Similarly, Across the Universe draws from such an interconnected approach. The realities of the film’s narrative are amplified, complemented, or just straight up turned into fantasies with musical numbers, choreography, and high-concept set pieces.
Taymor’s strengths lie in the theatrical, even if not many appreciate the effort. Her version of The Tempest received generally unfavorable reviews, with viewers critical of its garish visual effects, frenetic sound design, and approach to the narrative. At least the gender-bending of the role of Prospero (performed as Prospera by a formidable Helen Mirren) was well received.

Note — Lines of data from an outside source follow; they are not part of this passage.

(* Let $\widehat{V}_2(\mathbf{A};\mathbf{Y}) = \frac{\hat\sigma^2}{n}\Big[1+\frac1n\sum_{i=1}^n\sum_{j=1}^n\mathbf{A}_{ij}\Big]$. Under the asymptotic scaling assumption and the homoskedasticity assumption $\mathrm{var}(X_i)=\mathrm{var}(X_j)$ for all $i,j\in\mathcal{V}$, for every $\epsilon>0$, \[\lim_{n\to\infty}\Pr\big(n\,\mathrm{var}(\overline{X}) - n\widehat{V}_2(\mathbf{A}^\circ;\mathbf{Y})>\epsilon\big)=0.\]
   Context: Setting: $\mathcal{G}=(\mathcal{V},\mathcal{E})$ is a simple undirected graph with a real random variable $X_i$ attached to each vertex $i$. $\mathcal{G}$ is a dependency graph: for all disjoint $\mathcal{V}_1,\mathcal{V}_2\subset\mathcal{V}$ such that no edge of $\mathcal{E}$ joins a vertex of $\mathcal{V}_1$ to a vertex of $\mathcal{V}_2$, $\{X_i:i\in\mathcal{V}_1\}$ is independent of $\{X_j:j\in\mathcal{V}_2\}$. A subset $\mathcal{V}_S\subseteq\mathcal{V}$ with $|\mathcal{V}_S|=n$ is observed, labeled $1,\dots,n$. $\mathcal{G}_S=(\mathcal{V}_S,\mathcal{E}_S)$ is the induced subgraph on $\mathcal{V}_S$, with $n\times n$ adjacency matrix $\mathbf{A}^\circ$ (0-1, symmetric, zero diagonal). $\mathcal{G}_R=(\mathcal{V}_S,\mathcal{E}_R)$ is a subgraph with $\mathcal{E}_R\subseteq\mathcal{E}_S$; $d_i$ is the degree of $i\in\mathcal{V}_S$ in $\mathcal{G}$; $\mathbf{Y}=((X_1,\dots,X_n),(d_1,\dots,d_n),\mathcal{G}_R)$. Let $\mu=\frac1n\sum_{i=1}^n \mathrm{E}[X_i]$, $\overline{X}=\frac1n\sum_i X_i$, $\hat\sigma^2=\frac1n\sum_i(X_i-\overline{X})^2$. Asymptotic scaling assumption: a sequence, indexed by $n\to\infty$, of such settings (nested graphs with $|\mathcal{V}|=N_n\ge n$, $|\mathcal{V}_S|=n$), with finite positive constants $c_1,c_2,c_3$ independent of $n$ such that: $\Pr(|X_i-\mu|>c_1)=0$ for all $i\in\mathcal{V}_S$; $\sum_{j}\mathbf{A}^\circ_{ij}\le c_2$ for all $i\in\mathcal{V}_S$; and $\lim_{n\to\infty} n\,\mathrm{var}(\overline{X})=c_3$. *)

theory Defs
  imports "HOL-Probability.Probability"
begin

definition simple_graph :: "'v set \<Rightarrow> ('v \<Rightarrow> 'v \<Rightarrow> bool) \<Rightarrow> bool" where
  "simple_graph V E \<longleftrightarrow> (\<forall>x y. E x y \<longrightarrow> x \<in> V \<and> y \<in> V \<and> x \<noteq> y \<and> E y x)"
lemma PLYBE_P_sym_T_tensor_Inl_Inr_Inr:
  "PLYBE_P (hat_circ C lc rc) (sym_T_tensor Tm) (Inl k) (Inr d) (Inr c)
     = O_defect C lc rc Tm c d k - O_defect C lc rc Tm d c k"
  by (simp add: hat_component_simps O_defect_def sum_negf sum.distrib sum_subtractf algebra_simps
      sum.swap[of _ "UNIV::'j set" "UNIV::'i set"]) (subst sum.swap, simp add: ac_simps)

lemma PLYBE_L_sym_T_tensor_Inr_Inr_Inl:
  "PLYBE_L (hat_br B lb rb) (sym_T_tensor Tm) (Inr c) (Inr d) (Inl k) = O_defect B lb rb Tm c d k"
  by (simp add: hat_component_simps O_defect_def sum_negf sum.distrib sum_subtractf algebra_simps
      sum.swap[of _ "UNIV::'j set" "UNIV::'i set"])

lemma PLYBE_L_sym_T_tensor_Inr_Inl_Inr:
  "PLYBE_L (hat_br B lb rb) (sym_T_tensor Tm) (Inr c) (Inl k) (Inr d) = O_defect B lb rb Tm c d k"
  by (simp add: hat_component_simps O_defect_def sum_negf sum.distrib sum_subtractf algebra_simps
      sum.swap[of _ "UNIV::'j set" "UNIV::'i set"])

lemma PLYBE_L_sym_T_tensor_Inl_Inr_Inr:
  "PLYBE_L (hat_br B lb rb) (sym_T_tensor Tm) (Inl k) (Inr d) (Inr c)
     = - O_defect B lb rb Tm c d k - O_defect B lb rb Tm d c k"
  by (simp add: hat_component_simps O_defect_def sum_negf sum.distrib sum_subtractf algebra_simps
      sum.swap[of _ "UNIV::'j set" "UNIV::'i set"]) (subst sum.swap, simp add: ac_simps)

lemma PLYBE_P_sym_T_tensor_eq_0_iff:
  "PLYBE_P (hat_circ C lc rc) (sym_T_tensor Tm) = 0 \<longleftrightarrow> O_defect C lc rc Tm = 0"
proof
  assume "PLYBE_P (hat_circ C lc rc) (sym_T_tensor Tm) = 0"
  then show "O_defect C lc rc Tm = 0"
    by (simp add: fun_eq_iff flip: PLYBE_P_sym_T_tensor_Inr_Inr_Inl)
next
  assume "O_defect C lc rc Tm = 0"
  then show "PLYBE_P (hat_circ C lc rc) (sym_T_tensor Tm) = 0"
  proof (intro ext)
    fix a b c :: "'i + 'j"
    show "PLYBE_P (hat_circ C lc rc) (sym_T_tensor Tm) a b c = 0 a b c"
      using \<open>O_defect C lc rc Tm = 0\<close>
      by (cases a; cases b; cases c) (simp_all only: PLYBE_P_sym_T_tensor_Inr_Inr_Inl
          PLYBE_P_sym_T_tensor_Inr_Inl_Inr PLYBE_P_sym_T_tensor_Inl_Inr_Inr,
         simp_all add: hat_component_simps)
  qed
qed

Interestingly enough, Taymor used similar over-the-top techniques in her other Shakespeare adaptations, like Titus, much earlier in her career. Notably, Titus was much more warmly received than The Tempest in spite of those technicalities. Perhaps that then has something to do with source material. Obviously, people are fairly precious about Shakespeare in general, to put it lightly. Still, Taymor, if anything, delivers her own very distinct flavor to those texts:
Taymor’s sheer originality and fearlessness is thoroughly commendable. She may have had a pretty bad year with The Tempest bombing and awful back-and-forth on Broadway’s “Spider-Man: Turn Off the Dark.” But she regained her footing with A Midsummer Night’s Dream (both on stage and on screen) and “Grounded,” a play starring Anne Hathaway.
No doubt the Steinem biopic will fully bring Taymor back under more scrutiny, but the real Steinem speaks extremely favorably of the crew: “So now that we are on this journey together, I hope and believe the result will encourage many more travelers — especially women in all our diverse realities — to tell our own stories.”

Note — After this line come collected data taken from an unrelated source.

lemma saalschuetz_step_middle:
  assumes "k < N"
  shows "T (Suc N) (Suc k) - \<rho> N * T N (Suc k) = H N (Suc (Suc k)) - H N (Suc k)"
proof -
  define D where "D = saalschuetz_param q A B C N"
  define P where "P = q ^ N"
  define Y where "Y = q ^ k"
  define X where "X = inverse P"
  define Z where "Z = qpochhammer X q k * qpochhammer A q k * qpochhammer B q k
    * qpochhammer_ivl C q (Suc k) N * qpochhammer_ivl D q (Suc k) N / qpochhammer q q k"
  define Z' where "Z' = Z * (1 - A * Y) * (1 - B * Y) / (1 - q * Y)"
  have P0: "P \<noteq> 0" and Y0: "Y \<noteq> 0" using q_nonzero by (auto simp: P_def Y_def)
  have qY: "1 - q * Y \<noteq> 0" using q_powers[of k] by (simp add: Y_def)
  have Qk: "qpochhammer q q k \<noteq> 0" using q_powers by (rule qpochhammer_base_nonzero)
  have pD: "qpochhammer_ivl (saalschuetz_param q A B C (Suc N)) q (Suc k) (Suc N)
      = (1 - D * Y) * qpochhammer_ivl D q (Suc k) N"
    unfolding saalschuetz_param_Suc[OF q_nonzero] D_def[symmetric] using assms
    by (simp add: qpochhammer_ivl_shift q_nonzero qpochhammer_ivl_lower Y_def)
  have pC: "qpochhammer_ivl C q (Suc k) (Suc N) = qpochhammer_ivl C q (Suc k) N * (1 - C * P)"
    using assms by (simp add: qpochhammer_ivl_upper P_def)
  have qX: "qpochhammer (inverse (q ^ Suc N)) q (Suc k) = (1 - X / q) * qpochhammer X q k"
    unfolding qpochhammer_Suc_shift X_def P_def using q_nonzero by (simp add: field_simps)
  have e1: "T (Suc N) (Suc k) = Z' * (q * Y * (1 - X / q) * (1 - C * P) * (1 - D * Y))"
    unfolding saalschuetz_term_def pD pC qX using Qk qY q_nonzero unfolding Z'_def Z_def
    by (simp add: qpochhammer_Suc Y_def field_simps)
  have e2: "T N (Suc k) = Z' * (q * Y * (1 - X * Y))"
    unfolding saalschuetz_term_def using Qk qY q_nonzero unfolding Z'_def Z_def
    by (simp add: qpochhammer_Suc Y_def X_def P_def D_def field_simps)
  have e3: "T N k = Z * (Y * (1 - C * Y) * (1 - D * Y))"
    unfolding saalschuetz_term_def using Qk qY assms q_nonzero unfolding Z_def
    by (simp add: qpochhammer_ivl_lower Y_def X_def P_def D_def field_simps)
  have h2: "H N (Suc (Suc k)) = Z' * ((1 - X * Y) * (1 - A * q * Y) * (1 - B * q * Y))"
    using q_nonzero Y0
    by (simp add: saalschuetz_certificate_def e2 Y_def[symmetric] field_simps)
  have h1: "H N (Suc k) = Z' * ((1 - C * Y) * (1 - D * Y) * (1 - q * Y))"
    using Y0 qY by (simp add: saalschuetz_certificate_def e3 Y_def[symmetric] Z'_def field_simps)
  have key: "q * Y * (1 - X / q) * (1 - C * P) * (1 - D * Y) - \<rho> N * (q * Y * (1 - X * Y))
      = (1 - X * Y) * (1 - A * q * Y) * (1 - B * q * Y) - (1 - C * Y) * (1 - D * Y) * (1 - q * Y)"
    unfolding saalschuetz_ratio_def D_def saalschuetz_param_def X_def P_def[symmetric]
    using q_nonzero A_nonzero B_nonzero C_nonzero P0 by (simp add: field_simps)
  have "T (Suc N) (Suc k) - \<rho> N * T N (Suc k)
      = Z' * (q * Y * (1 - X / q) * (1 - C * P) * (1 - D * Y) - \<rho> N * (q * Y * (1 - X * Y)))"
    unfolding e1 e2 by (simp add: algebra_simps)
  also have "\<dots> = H N (Suc (Suc k)) - H N (Suc k)"
    unfolding key h1 h2 by (simp add: algebra_simps)
  finally show ?thesis .
qed

lemma saalschuetz_step_last: "T (Suc N) (Suc N) - \<rho> N * T N (Suc N) = H N (Suc (Suc N)) - H N (Suc N)"
proof -
  define P where "P = q ^ N"
  have P0: "P \<noteq> 0" using q_nonzero by (simp add: P_def)
  have qP: "1 - q * P \<noteq> 0" using q_powers[of N] by (simp add: P_def)
  have QN: "qpochhammer q q N \<noteq> 0" using q_powers by (rule qpochhammer_base_nonzero)
  have qX: "qpochhammer (inverse (q ^ Suc N)) q (Suc N) = (1 - inverse P / q) * qpochhammer (inverse P) q N"
    unfolding qpochhammer_Suc_shift P_def using q_nonzero by (simp add: field_simps)
  have "T (Suc N) (Suc N) = - (T N N * inverse P * (1 - A * P) * (1 - B * P))"
    unfolding saalschuetz_term_def qX using q_nonzero QN qP P0
    by (simp add: qpochhammer_Suc P_def field_simps)
  then show ?thesis by (simp add: saalschuetz_term_beyond[OF q_nonzero] saalschuetz_certificate_def P_def)
qed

Per Taymor’s own statement, there’s an inkling of how her cinematic style will mesh with Steinem’s life story:
“When I read the book, it demanded that it be a film. It’s so vividly cinematic, with entertaining and complex characters and, like Gloria herself, also witty and provocative.”
Taymor indulges in the extravagant and utilizes different media in her work, and her individualistic approach to filmmaking is practically perfect for a Steinem biopic. The kinetic, effervescent images in her films are greatly suited for such a galvanizing icon. Now we’re here waiting with bated breath for further details of the production, especially casting.